ときを待たぬもの

 昨夜のうちに届いていた訃報に朝になって気付く。所属する会の重鎮が還浄されたとの報せだった。巷には「おめでとうございます」ということばのあふれる元日に、終焉を迎える人生がある。いのちの事実は「とき」を待たない。
 昨日、お寺の帰りに聞いたラジオ。初詣で他人の投げた賽銭がコートのフードに入っていたのを自分のものにしたら罪になるのかという話をしていた。法律家が「願いが大きいと賽銭の額が大きくなるようだ」という主旨の発言をしたところ、相手役の女優が「そもそも、初詣というのは願いごとをするものなのでしょうか」と応じていた。因島出身の女優の持つこの感性に安芸門徒の伝統が息づいているのだとしたら愉快でならない。

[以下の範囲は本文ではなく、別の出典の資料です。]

lemma comb_vanishes_of_square:
  assumes sq: "square_setting D A1 t0 x0 \<delta>"
    and vanishing: "{t0-\<delta><..<t0+\<delta>} \<times> {x0-\<delta><..<x0+\<delta>} \<subseteq> vanishing_set a1 a2 a3"
  shows "\<forall>p\<in>Omega D. comb a1 a2 a3 p = 0"
proof -
  interpret square_setting D A1 t0 x0 \<delta> by (fact sq)
  have "I \<times> J \<subseteq> interior (vanishing_set a1 a2 a3)"
    using vanishing by (rule interior_maximal) (simp add: open_Times)
  then have "(t0,x0) \<in> D \<inter> interior (vanishing_set a1 a2 a3)"
    using t0_in_I x0_in_J square_in_D[OF t0_in_I x0_in_J] by blast
  then show ?thesis
    using comb_vanishes_of_interior_point by blast
qed

lemma rigid_combination:
  assumes independent: "\<not> (\<exists>c1 c2 c3. (c1, c2, c3) \<noteq> (0, 0, 0) \<and> (\<forall>p\<in>Omega D. comb c1 c2 c3 p = 0))"
    and sq: "square_setting D A1 t0 x0 \<delta>" and t: "t \<in> {t0-\<delta><..<t0+\<delta>}"
  obtains a1 a2 a3 \<tau> \<tau>' \<tau>'' \<beta> \<beta>' c
  where "reduced_symmetry A1 A2 {t0-\<delta><..<t0+\<delta>} {x0-\<delta><..<x0+\<delta>} (comb a1 a2 a3) \<tau> \<tau>' \<tau>'' \<beta> \<beta>' 0 c"
    and "\<tau> t = 0" "\<tau>' t = 0" "\<beta> t = 0" "c \<noteq> 0"
proof -
  interpret square_setting D A1 t0 x0 \<delta> by (fact sq)
  obtain a1 a2 a3 where a: "(a1, a2, a3) \<noteq> (0, 0, 0)"
    "a1 * fst (V1 (t,x0,0)) + a2 * fst (V2 (t,x0,0)) + a3 * fst (V3 (t,x0,0)) = 0"
    "a1 * fst (snd (V1 (t,x0,0))) + a2 * fst (snd (V2 (t,x0,0))) + a3 * fst (snd (V3 (t,x0,0))) = 0"
    using two_linear_equations_nontrivial_solution[of "fst (V1 (t,x0,0))" "fst (V2 (t,x0,0))"
        "fst (V3 (t,x0,0))" "fst (snd (V1 (t,x0,0)))" "fst (snd (V2 (t,x0,0)))" "fst (snd (V3 (t,x0,0)))"]
    by blast
  obtain \<tau> \<tau>' \<tau>'' \<beta> \<beta>' k c where rs: "reduced_symmetry A1 A2 I J (comb a1 a2 a3) \<tau> \<tau>' \<tau>'' \<beta> \<beta>' k c"
    using reduced_symmetry_comb[OF sq] by blast
  have "\<tau> t = fst (comb a1 a2 a3 (t,x0,0))" "(\<tau>' t + k) * x0 + \<beta> t = fst (snd (comb a1 a2 a3 (t,x0,0)))"
    using reduced_symmetry_field[OF rs t x0_in_J, of 0] by simp_all
  then have "\<tau> t = 0" "(\<tau>' t + k) * x0 + \<beta> t = 0"
    using a(2,3) by (simp_all add: comb_def)
  moreover have "A2 (t,x0) \<noteq> 0"
    using A2_nonzero square_in_D[OF t x0_in_J] by simp
  ultimately have "\<tau>' t = 0" "k = 0" "\<beta> t = 0"
    using reduced_symmetry_rigid_at_point[OF rs t x0_in_J] by simp_all
  have "c \<noteq> 0"
  proof
    assume "c = 0"
    have "I \<times> J \<subseteq> vanishing_set a1 a2 a3"
    proof clarify
      fix s x assume "s \<in> I" "x \<in> J"
      then show "(s,x) \<in> vanishing_set a1 a2 a3"
        using reduced_symmetry_vanishes[OF rs[unfolded \<open>k = 0\<close> \<open>c = 0\<close>] t
            \<open>\<tau> t = 0\<close> \<open>\<tau>' t = 0\<close> \<open>\<beta> t = 0\<close>]
        by (simp add: vanishing_set_def)
    qed
    then have "\<forall>p\<in>Omega D. comb a1 a2 a3 p = 0"
      by (rule comb_vanishes_of_square[OF sq])
    with a(1) independent show False
      by blast
  qed
  then show thesis
    using that[OF rs[unfolded \<open>k = 0\<close>] \<open>\<tau> t = 0\<close> \<open>\<tau>' t = 0\<close> \<open>\<beta> t = 0\<close>] by blast
qed
section \<open>Adjoining a word to a prefix code\<close>

lemma prefix_replicate_append:
  assumes "prefix w (p @ w)"
  shows "prefix w (concat (replicate n p) @ w)"
proof (induction n)
  case (Suc n)
  have "concat (replicate (Suc n) p) = concat (replicate n p) @ p"
    by (induction n) auto
  moreover have "prefix (concat (replicate n p) @ w) (concat (replicate n p) @ p @ w)"
    using assms by simp
  ultimately show ?case
    using Suc.IH prefix_order.trans by fastforce
qed simp

lemma prefix_concat_replicate:
  assumes "prefix w (p @ w)" "p \<noteq> []"
  shows "prefix w (concat (replicate (length w) p))"
proof (rule prefix_length_prefix)
  show "prefix w (concat (replicate (length w) p) @ w)"
    using assms(1) by (rule prefix_replicate_append)
  show "prefix (concat (replicate (length w) p)) (concat (replicate (length w) p) @ w)"
    by simp
  have "length (concat (replicate n p)) = n * length p" for n
    by (induction n) auto
  with assms(2) show "length w \<le> length (concat (replicate (length w) p))"
    by (cases p) auto
qed

definition prefix_of_message :: "nat list list \<Rightarrow> nat list \<Rightarrow> bool" where
  "prefix_of_message D w \<longleftrightarrow> (\<exists>is. set is \<subseteq> {..<length D} \<and> prefix w (encode D is))"

text \<open>A message over \<open>D @ [w]\<close> starting with a word of \<open>D\<close> either never uses \<open>w\<close>, or
  \<open>w\<close> is a prefix of \<open>p @ w\<close> for the \<open>D\<close>-message \<open>p\<close> preceding its first use of \<open>w\<close>,
  hence a prefix of a power of \<open>p\<close>.\<close>

lemma prefix_of_messageI:
  assumes nonempty: "\<And>i. i < length D \<Longrightarrow> D ! i \<noteq> []"
    and ps: "set ps \<subseteq> {..length D}" "ps \<noteq> []" "hd ps \<noteq> length D"
    and eq: "w @ x = encode (D @ [w]) ps"
  shows "prefix_of_message D w"
proof -
  define p where "p = takeWhile (\<lambda>i. i \<noteq> length D) ps"
  define r where "r = dropWhile (\<lambda>i. i \<noteq> length D) ps"
  have ps_split: "ps = p @ r" unfolding p_def r_def by simp
  have p_range: "set p \<subseteq> {..<length D}"
    using ps(1) set_takeWhileD unfolding p_def by fastforce
  have encode_p: "encode (D @ [w]) p = encode D p"
    using p_range by (rule encode_append_words)
  show ?thesis
  proof (cases r)
    case Nil
    then show ?thesis
      using eq ps_split p_range encode_p unfolding prefix_of_message_def
      by (metis append_Nil2 encode_Nil encode_append prefixI)
  next
    case (Cons i r')
    then have r: "r = length D # r'"
      unfolding r_def by (auto simp: dropWhile_eq_Cons_conv)
    have "p \<noteq> []"
      using ps(2,3) unfolding p_def by (cases ps) auto
    with p_range nonempty have nonempty_p: "encode D p \<noteq> []"
      by (cases p) auto
    have "w @ x = (encode D p @ w) @ encode (D @ [w]) r'"
      using eq ps_split r encode_p by simp
    then have "prefix (encode D p @ w) (w @ x)"
      by (simp add: prefixI)
    then have "prefix w (encode D p @ w)"
      using prefix_length_prefix[of w "w @ x" "encode D p @ w"] by simp
    then have "prefix w (encode D (concat (replicate (length w) p)))"
      using prefix_concat_replicate[OF _ nonempty_p] by (simp add: encode_replicate)
    moreover have "set (concat (replicate (length w) p)) \<subseteq> {..<length D}"
      using p_range by auto
    ultimately show ?thesis
      unfolding prefix_of_message_def by blast
  qed
qed

lemma is_code_snoc:
  assumes D: "is_prefix_code D" and nonempty: "\<And>i. i < length D \<Longrightarrow> D ! i \<noteq> []"
    and w: "w \<noteq> []" and not_prefix: "\<not> prefix_of_message D w"
  shows "is_code (D @ [w])"
proof (rule is_codeI)
  let ?C = "D @ [w]"
  show "?C ! i \<noteq> []" if "i < length ?C" for i
    using that nonempty w by (cases "i < length D") (auto simp: nth_append)
  have last_word: "i = j"
    if "i < length ?C" "j < length ?C" "set js \<subseteq> {..<length ?C}" "i = length D"
      "w @ x = ?C ! j @ encode ?C js" for i j js x
  proof (rule ccontr)
    assume "i \<noteq> j"
    with that have "prefix_of_message D w"
      by (intro prefix_of_messageI[where ps = "j # js" and x = x]) (auto simp: nonempty)
    with not_prefix show False ..
  qed
  fix i j "is" js
  assume i: "i < length ?C" and j: "j < length ?C" and "set is \<subseteq> {..<length ?C}"
    "set js \<subseteq> {..<length ?C}" and eq: "?C ! i @ encode ?C is = ?C ! j @ encode ?C js"
  show "i = j"
  proof (cases "i = length D \<or> j = length D")
    case True
    then show ?thesis
    proof
      assume "i = length D"
      with eq i j \<open>set js \<subseteq> _\<close> show ?thesis
        by (intro last_word[of i j js "encode ?C is"]) auto
    next
      assume "j = length D"
      with eq i j \<open>set is \<subseteq> _\<close> have "j = i"
        by (intro last_word[of j i "is" "encode ?C js"]) auto
      then show ?thesis ..
    qed
  next
    case False
    with i j have "i < length D" "j < length D" by auto
    with eq have "D ! i @ encode ?C is = D ! j @ encode ?C js"
      by (simp add: nth_append)
    then have "prefix (D ! i) (D ! j) \<or> prefix (D ! j) (D ! i)"
      by (metis prefixI prefix_same_cases)
    with D \<open>i < length D\<close> \<open>j < length D\<close> show ?thesis
      unfolding is_prefix_code_def by blast
  qed
qed
lemma edge_block_into_W:
  assumes "2 \<le> s" "L < p^(k+1)" "0 < p"
  shows "edge_block p k u (W s L) \<noteq> None \<longleftrightarrow> u = V (s - 1) (L div p)"
proof -
  have "edge_block p k (V (s - 1) (L div p)) (W s L) \<noteq> None"
    using edge_block_V_W[OF assms] by simp
  moreover have "u = V (s - 1) (L div p)" if "edge_block p k u (W s L) \<noteq> None"
    using that assms by (cases u) (auto simp: Let_def split: if_splits)
  ultimately show ?thesis
    by blast
qed

lemma edge_block_into_V:
  assumes "2 \<le> s" "l < p^k"
  shows "edge_block p k u (V s l) \<noteq> None \<longleftrightarrow> (\<exists>t<p. u = W s (l + p^k * t))"
proof
  assume "edge_block p k u (V s l) \<noteq> None"
  then obtain L where u: "u = W s L" and L: "L < p^(k+1)" and l: "l = L - p^k * (L div p^k)"
    using assms by (cases u) (auto simp: Let_def split: if_splits)
  have "L div p^k < p"
    using L less_mult_imp_div_less[of L p "p^k"] by simp
  moreover have "L = l + p^k * (L div p^k)"
    using l by (simp add: minus_mult_div_eq_mod)
  ultimately show "\<exists>t<p. u = W s (l + p^k * t)"
    using u by blast
qed (use assms edge_block_W_V in auto)

lemma paths_V1:
  assumes "l < p^k" "2 \<le> p"
  shows "paths p k (V 1 l) = (\<lambda>t. [S (p^k * t + l), V 1 l]) ` {..p - 2}"
proof -
  have "valid_vtx p k (S (p^k * t + l))" if "t \<le> p - 2" for t
    using add_mult_less_mult[OF assms(1), of t "p - 1"] that assms(2) by (simp add: add.commute)
  moreover have "{u. edge_block p k u (V 1 l) \<noteq> None} = (\<lambda>t. S (p^k * t + l)) ` {..p - 2}"
    using edge_block_into_V1[OF assms] by auto
  moreover have "paths p k (V 1 l) =
      (\<Union>u\<in>{u. edge_block p k u (V 1 l) \<noteq> None}. (\<lambda>ws. ws @ [V 1 l]) ` paths p k u)"
    by (simp add: paths_snoc del: edge_block.simps)
  ultimately show ?thesis
    by (auto simp: paths_S simp del: edge_block.simps)
qed

lemma paths_W:
  assumes "2 \<le> s" "L < p^(k+1)" "0 < p"
  shows "paths p k (W s L) = (\<lambda>ws. ws @ [W s L]) ` paths p k (V (s - 1) (L div p))"
proof -
  have "{u. edge_block p k u (W s L) \<noteq> None} = {V (s - 1) (L div p)}"
    using edge_block_into_W[OF assms] by auto
  then show ?thesis
    unfolding paths_snoc[of "W s L", simplified] by simp
qed

lemma paths_V:
  assumes "2 \<le> s" "l < p^k"
  shows "paths p k (V s l) = (\<Union>t<p. (\<lambda>ws. ws @ [V s l]) ` paths p k (W s (l + p^k * t)))"
proof -
  have "{u. edge_block p k u (V s l) \<noteq> None} = (\<lambda>t. W s (l + p^k * t)) ` {..<p}"
    using edge_block_into_V[OF assms] by auto
  then show ?thesis
    unfolding paths_snoc[of "V s l", simplified] by simp
qed

definition path_to_V2 :: "nat \<Rightarrow> nat \<Rightarrow> nat \<Rightarrow> nat \<Rightarrow> nat \<Rightarrow> vtx list" where
  "path_to_V2 p k l t t0 =
     (let L = l + p^k * t in [S (p^k * t0 + L div p), V 1 (L div p), W 2 L, V 2 l])"

lemma paths_V2:
  assumes "2 \<le> p" "l < p^k"
  shows "paths p k (V 2 l) = (\<lambda>(t, t0). path_to_V2 p k l t t0) ` ({..<p} \<times> {..p - 2})"
proof -
  have "(\<lambda>ws. ws @ [V 2 l]) ` paths p k (W 2 (l + p^k * t)) =
      (\<lambda>t0. path_to_V2 p k l t t0) ` {..p - 2}" if "t < p" for t
  proof -
    define L where "L = l + p^k * t"
    have L: "L < p^(k+1)"
      using add_mult_less_mult[OF assms(2) that] by (simp add: L_def mult.commute)
    then have "L div p < p^k"
      using less_mult_imp_div_less[of L "p^k" p] by (simp add: mult.commute)
    have "paths p k (W 2 L) = (\<lambda>ws. ws @ [W 2 L]) ` paths p k (V 1 (L div p))"
      using paths_W[of 2 L p k] L assms(1) by simp
    also have "\<dots> = (\<lambda>t0. [S (p^k * t0 + L div p), V 1 (L div p), W 2 L]) ` {..p - 2}"
      using paths_V1[OF \<open>L div p < p^k\<close> assms(1)] by (simp add: image_image)
    finally show ?thesis
      by (simp add: image_image path_to_V2_def L_def Let_def)
  qed
  with assms show ?thesis
    by (auto simp: paths_V path_to_V2_def)
qed

lemma mult_add_less_mult_add_iff:
  fixes d u r c e :: nat
  assumes "r \<le> d" "0 < e" "e \<le> d"
  shows "d * u + r < d * c + e \<longleftrightarrow> u < c \<or> (u = c \<and> r < e)"
proof (cases u c rule: linorder_cases)
  case less
  then have "d * u + r \<le> d * c"
    using assms(1) mult_le_mono2[of "u + 1" c d] by simp
  with less assms(2) show ?thesis
    by simp
next
  case greater
  then have "d * c + e \<le> d * u + r"
    using assms(3) mult_le_mono2[of "c + 1" u d] by simp
  with greater show ?thesis
    by simp
qed simp
lemma proximal_shuffling_epoch:
  fixes \<psi> :: "'a \<Rightarrow> ereal" and \<eta> \<mu>f \<mu>\<psi> Lm :: real and p :: "nat \<Rightarrow> 'a"
  assumes n: "n \<ge> 1" and pr: "proper_fun \<psi>" and cv: "convex_fun \<psi>"
    and f_strong: "\<And>u v. (\<Sum>i=1..n. f i u) / n - (\<Sum>i=1..n. f i v) / n
                     - inner ((\<Sum>i=1..n. gf i v) /\<^sub>R real n) (u - v) \<ge> \<mu>f / 2 * (norm (u - v))\<^sup>2"
    and mu_psi: "mu_condition \<psi> \<mu>\<psi>"
    and subgrad_xs: "subgrad \<psi> xs (- ((\<Sum>i=1..n. gf i xs) /\<^sub>R real n))"
    and \<eta>: "\<eta> > 0"
    and step1: "2 * \<eta> * (\<Sum>i=1..n. L i) \<le> 1"
    and step2: "4 * \<eta>\<^sup>2 * n * Lm * (\<Sum>i=1..n. L i) \<le> 1"
    and Lm: "\<And>i. i \<in> {1..n} \<Longrightarrow> L i \<le> Lm"
    and perm: "\<sigma> permutes {1..n}"
    and p_start: "p 1 = x"
    and p_step: "\<And>i. i \<in> {1..n} \<Longrightarrow> p (i + 1) = p i - \<eta> *\<^sub>R gf (\<sigma> i) (p i)"
    and prox: "\<And>z. ereal (real n) * \<psi> x' + ereal (1 / (2 * \<eta>) * (norm (x' - p (n + 1)))\<^sup>2)
        \<le> ereal (real n) * \<psi> z + ereal (1 / (2 * \<eta>) * (norm (z - p (n + 1)))\<^sup>2)"
  shows "(1 + n * \<eta> * (\<mu>f + 2 * \<mu>\<psi>)) * (norm (x' - xs))\<^sup>2 \<le> (norm (x - xs))\<^sup>2
     + 8 * n * \<eta> ^ 3 * (\<Sum>i=2..n. L (\<sigma> i) / n * (norm (\<Sum>j=1..i-1. gf (\<sigma> j) xs))\<^sup>2)"
proof -
  have \<sigma>: "\<sigma> i \<in> {1..n}" if "i \<in> {1..n}" for i using permutes_in_image[OF perm] that by blast
  define g where "g j = gf (\<sigma> j) (p j)" for j
  define h where "h j = gf (\<sigma> j) xs" for j
  define R where "R = (\<Sum>i=2..n. L (\<sigma> i) / n * (norm (\<Sum>j=1..i-1. h j))\<^sup>2)"
  have p_eq: "p i = x - \<eta> *\<^sub>R (\<Sum>j\<in>{1..<i}. g j)" if "i \<in> {1..n}" for i
    using iterate_eq_partial_sum[of p x n \<eta> g i] p_start p_step that by (auto simp: g_def)
  have "p (n + 1) = x - \<eta> *\<^sub>R (\<Sum>i=1..n. g i)"
    using iterate_eq_partial_sum[of p x n \<eta> g "n + 1"] p_start p_step n
    by (simp add: g_def atLeastLessThanSuc_atLeastAtMost)
  then have contraction: "(1 + n * \<eta> * (\<mu>f + 2 * \<mu>\<psi>)) * (norm (x' - xs))\<^sup>2
      \<le> (norm (x - xs))\<^sup>2 - (norm (x - x'))\<^sup>2 + \<eta> * (\<Sum>i=1..n. L (\<sigma> i) * (norm (x' - p i))\<^sup>2)
        - \<eta> * (\<Sum>i=1..n. (norm (h i - g i))\<^sup>2 / L (\<sigma> i))"
    using proximal_shuffling_epoch_contraction[OF n pr cv f_strong mu_psi subgrad_xs \<eta> perm _ prox]
    by (simp add: g_def h_def)
  have L_perm: "(\<Sum>i=1..n. L (\<sigma> i)) = (\<Sum>i=1..n. L i)"
    using sum.permute[OF perm, of L] by (simp add: o_def)
  have "\<eta> * (\<Sum>i=1..n. L (\<sigma> i) * (norm (x' - p i))\<^sup>2)
      = \<eta> * (\<Sum>i=1..n. L (\<sigma> i) * (norm (x' - (x - \<eta> *\<^sub>R (\<Sum>j\<in>{1..<i}. g j))))\<^sup>2)"
    by (simp add: p_eq)
  also have "\<dots> \<le> (norm (x - x'))\<^sup>2 + \<eta> * (\<Sum>i=1..n. (norm (h i - g i))\<^sup>2 / L (\<sigma> i))
      + 4 * \<eta> ^ 3 * (\<Sum>i=1..n. L (\<sigma> i) * (norm (\<Sum>j\<in>{1..<i}. h j))\<^sup>2)"
    using L_pos Lm \<sigma> step1 step2 unfolding L_perm[symmetric]
    by (intro shuffling_deviation_bound[where M = Lm]) (auto simp: \<eta>)
  also have "(\<Sum>i=1..n. L (\<sigma> i) * (norm (\<Sum>j\<in>{1..<i}. h j))\<^sup>2) = n * R"
  proof -
    have "{1..n} = insert 1 {2..n}" using n by auto
    moreover have "{1..<i} = {1..i-1}" if "i \<in> {2..n}" for i using that by auto
    ultimately show ?thesis using n by (simp add: R_def sum_distrib_left)
  qed
  finally have deviation: "\<eta> * (\<Sum>i=1..n. L (\<sigma> i) * (norm (x' - p i))\<^sup>2)
      \<le> (norm (x - x'))\<^sup>2 + \<eta> * (\<Sum>i=1..n. (norm (h i - g i))\<^sup>2 / L (\<sigma> i)) + 4 * \<eta> ^ 3 * (n * R)" .
  have "0 \<le> R" unfolding R_def
  proof (intro sum_nonneg)
    fix i assume "i \<in> {2..n}"
    then have "0 < L (\<sigma> i)" using L_pos \<sigma> by simp
    then show "0 \<le> L (\<sigma> i) / n * (norm (\<Sum>j=1..i-1. h j))\<^sup>2" by simp
  qed
  then have "4 * \<eta> ^ 3 * (n * R) \<le> 8 * n * \<eta> ^ 3 * R" using \<eta> by simp
  with contraction deviation have "(1 + n * \<eta> * (\<mu>f + 2 * \<mu>\<psi>)) * (norm (x' - xs))\<^sup>2
      \<le> (norm (x - xs))\<^sup>2 + 8 * n * \<eta> ^ 3 * R" by linarith
  then show ?thesis by (simp add: R_def h_def)
qed

end

lemma stepsize_conditions:
  fixes S M N \<eta> :: real
  assumes S: "0 < S" "S \<le> N * M" and N: "0 < N" and \<eta>: "0 < \<eta>"
    and \<eta>_le: "\<eta> \<le> 1 / (2 * N * sqrt (S / N * M))"
  shows "2 * \<eta> * S \<le> 1" and "4 * \<eta>\<^sup>2 * N * M * S \<le> 1"
proof -
  define r where "r = sqrt (S / N * M)"
  have avg_le: "S / N \<le> M" using S N by (simp add: field_simps)
  have "0 < M" using S N by (meson zero_less_mult_pos order.strict_trans2)
  then have r: "0 < r" "r\<^sup>2 = S / N * M" using S N by (auto simp: r_def)
  have "S / N = sqrt ((S / N)\<^sup>2)" using S N by simp
  also have "\<dots> \<le> r" unfolding r_def power2_eq_square using S N avg_le
    by (intro real_sqrt_le_mono mult_left_mono) auto
  finally have avg_le_r: "S / N \<le> r" .
  have main: "2 * N * \<eta> * r \<le> 1" using \<eta>_le N r by (simp add: r_def field_simps)
  have "2 * \<eta> * S = 2 * N * \<eta> * (S / N)" using N by simp
  also have "\<dots> \<le> 2 * N * \<eta> * r" using avg_le_r N \<eta> by (intro mult_left_mono) auto
  finally show "2 * \<eta> * S \<le> 1" using main by linarith
  have "4 * \<eta>\<^sup>2 * N * M * S = (2 * N * \<eta> * r)\<^sup>2" using N r by (simp add: power2_eq_square field_simps)
  also have "\<dots> \<le> 1" using main N \<eta> r by (simp add: power_le_one)
  finally show "4 * \<eta>\<^sup>2 * N * M * S \<le> 1" .
qed

lemma unroll_contraction_recurrence:
  fixes a c q :: "nat \<Rightarrow> real"
  assumes step: "\<And>k. k \<in> {1..K} \<Longrightarrow> q k * a (k + 1) \<le> a k + c k"
    and q_pos: "\<And>k. k \<in> {1..K} \<Longrightarrow> q k > 0"
  shows "\<forall>k \<in> {1..K}. a (k + 1) \<le> a 1 / (\<Prod>s=1..k. q s) + (\<Sum>l=1..k. c l / (\<Prod>s=l..k. q s))"
proof
  fix k assume "k \<in> {1..K}"
  then have "1 \<le> k" "k \<le> K" by auto
  then show "a (k + 1) \<le> a 1 / (\<Prod>s=1..k. q s) + (\<Sum>l=1..k. c l / (\<Prod>s=l..k. q s))"
  proof (induction k rule: dec_induct)
    case base
    then show ?case using step[of 1] q_pos[of 1] by (simp add: field_simps)
  next
    case (step k)
    have q: "q (Suc k) > 0" using q_pos step by simp
    have prod_Suc: "(\<Prod>s=l..Suc k. q s) = (\<Prod>s=l..k. q s) * q (Suc k)" if "l \<le> Suc k" for l
      using that by (simp add: prod.cl_ivl_Suc)
    have "a (Suc k + 1) \<le> (a (Suc k) + c (Suc k)) / q (Suc k)"
      using assms(1)[of "Suc k"] step q by (simp add: field_simps)
    also have "\<dots> \<le> (a 1 / (\<Prod>s=1..k. q s) + (\<Sum>l=1..k. c l / (\<Prod>s=l..k. q s)) + c (Suc k)) / q (Suc k)"
      using step q by (intro divide_right_mono) auto
    also have "\<dots> = a 1 / (\<Prod>s=1..Suc k. q s) + (\<Sum>l=1..Suc k. c l / (\<Prod>s=l..Suc k. q s))"
      using prod_Suc[of 1]
      by (simp add: sum.cl_ivl_Suc prod_Suc sum_divide_distrib add_divide_distrib)
    finally show ?case by simp
  qed
qed
lemma doubly_stochastic_spread_first_column:
  assumes p: "2 \<le> p" and nonneg: "\<And>j. j < p \<Longrightarrow> 0 \<le> x j" and sum: "(\<Sum>j<p. x j) = 1"
  shows "doubly_stochastic p (spread_first_column p x)"
  unfolding doubly_stochastic_def
proof (intro allI impI conjI)
  obtain q where q: "p = Suc q" "1 \<le> q" using p by (cases p) auto
  have le1: "x j \<le> 1" if "j < p" for j
    using member_le_sum[of j "{..<p}" x] nonneg sum that by simp
  fix j
  {
    fix k assume "j < p" "k < p"
    thus "0 \<le> spread_first_column p x j k"
      using nonneg le1 by (simp add: spread_first_column_def)
  }
  show "(\<Sum>k<p. spread_first_column p x j k) = 1"
    using q by (simp only: sum.lessThan_Suc_shift) (simp add: spread_first_column_def)
  assume j: "j < p"
  show "(\<Sum>l<p. spread_first_column p x l j) = 1"
  proof (cases "j = 0")
    case False
    have "(\<Sum>l<p. spread_first_column p x l j) = (real p - (\<Sum>l<p. x l)) / real q"
      using False q by (simp add: spread_first_column_def sum_divide_distrib[symmetric] sum_subtractf)
    thus ?thesis using sum q by simp
  qed (simp add: spread_first_column_def sum)
qed

lemma sum_item_util:
  assumes P: "ranking_tensor T P"
  shows "(\<Sum>j<nitems T. item_util T P j) = real (nusers T) * (\<Sum>k<nitems T. vexp T k)"
proof -
  have "(\<Sum>j<nitems T. item_util T P j)
      = (\<Sum>j<nitems T. \<Sum>i<nusers T. \<Sum>k<nitems T. P i j k * vexp T k)"
    by (simp add: item_util_def expo_def)
  also have "\<dots> = (\<Sum>i<nusers T. \<Sum>j<nitems T. \<Sum>k<nitems T. P i j k * vexp T k)"
    by (rule sum.swap)
  also have "\<dots> = (\<Sum>i<nusers T. \<Sum>k<nitems T. \<Sum>j<nitems T. P i j k * vexp T k)"
    by (rule sum.cong[OF refl], rule sum.swap)
  also have "\<dots> = (\<Sum>i<nusers T. \<Sum>k<nitems T. (\<Sum>j<nitems T. P i j k) * vexp T k)"
    by (simp only: sum_distrib_right)
  also have "\<dots> = (\<Sum>i<nusers T. \<Sum>k<nitems T. vexp T k)"
    using P by (simp add: ranking_tensor_def doubly_stochastic_def)
  finally show ?thesis by simp
qed

lemma item_util_nonneg:
  assumes "valid_problem T" "ranking_tensor T P"
  shows "0 \<le> item_util T P j"
  using assms unfolding item_util_def expo_def valid_problem_def ranking_tensor_def doubly_stochastic_def
  by (auto intro!: sum_nonneg)

subsection \<open>Welfare maximizers\<close>

lemma sum_ereal_mono:
  assumes "\<And>j. j \<in> A \<Longrightarrow> f j \<le> ereal (g j)"
  shows "sum f A \<le> ereal (sum g A)"
proof -
  have "sum f A \<le> (\<Sum>j\<in>A. ereal (g j))" using assms by (intro sum_mono)
  thus ?thesis by simp
qed

lemma sum_ereal_strict_mono_ex1:
  assumes fin: "finite A" and le: "\<And>j. j \<in> A \<Longrightarrow> f j \<le> ereal (g j)"
    and j0: "j0 \<in> A" and lt: "f j0 < ereal (g j0)"
  shows "sum f A < ereal (sum g A)"
proof -
  have split_f: "sum f A = f j0 + sum f (A - {j0})" using fin j0 by (simp add: sum.remove)
  have split_g: "sum g A = g j0 + sum g (A - {j0})" using fin j0 by (simp add: sum.remove)
  have rest: "sum f (A - {j0}) \<le> ereal (sum g (A - {j0}))" using le by (intro sum_ereal_mono) auto
  show ?thesis
    unfolding split_f split_g using lt rest
    by (cases "f j0"; cases "sum f (A - {j0})") simp_all
qed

 安芸門徒の地・広島に名物あり。俗に「名物に美味いものなし」などと言われるが「川通り餅」は別だ。私たちの会の会長氏は香川にお住まいだが、大量に買い求めてお帰りになるのを目撃したことがある。そう、この菓子は広島でしか手に入らず賞味期限も短いのだ。だから、私のように広島から遠く離れて暮らすものには、なかなかひとさまに差し上げることがかなわない。暮れに持ち帰ったものも、明日あたりが期限か。急いで食べることにしよう。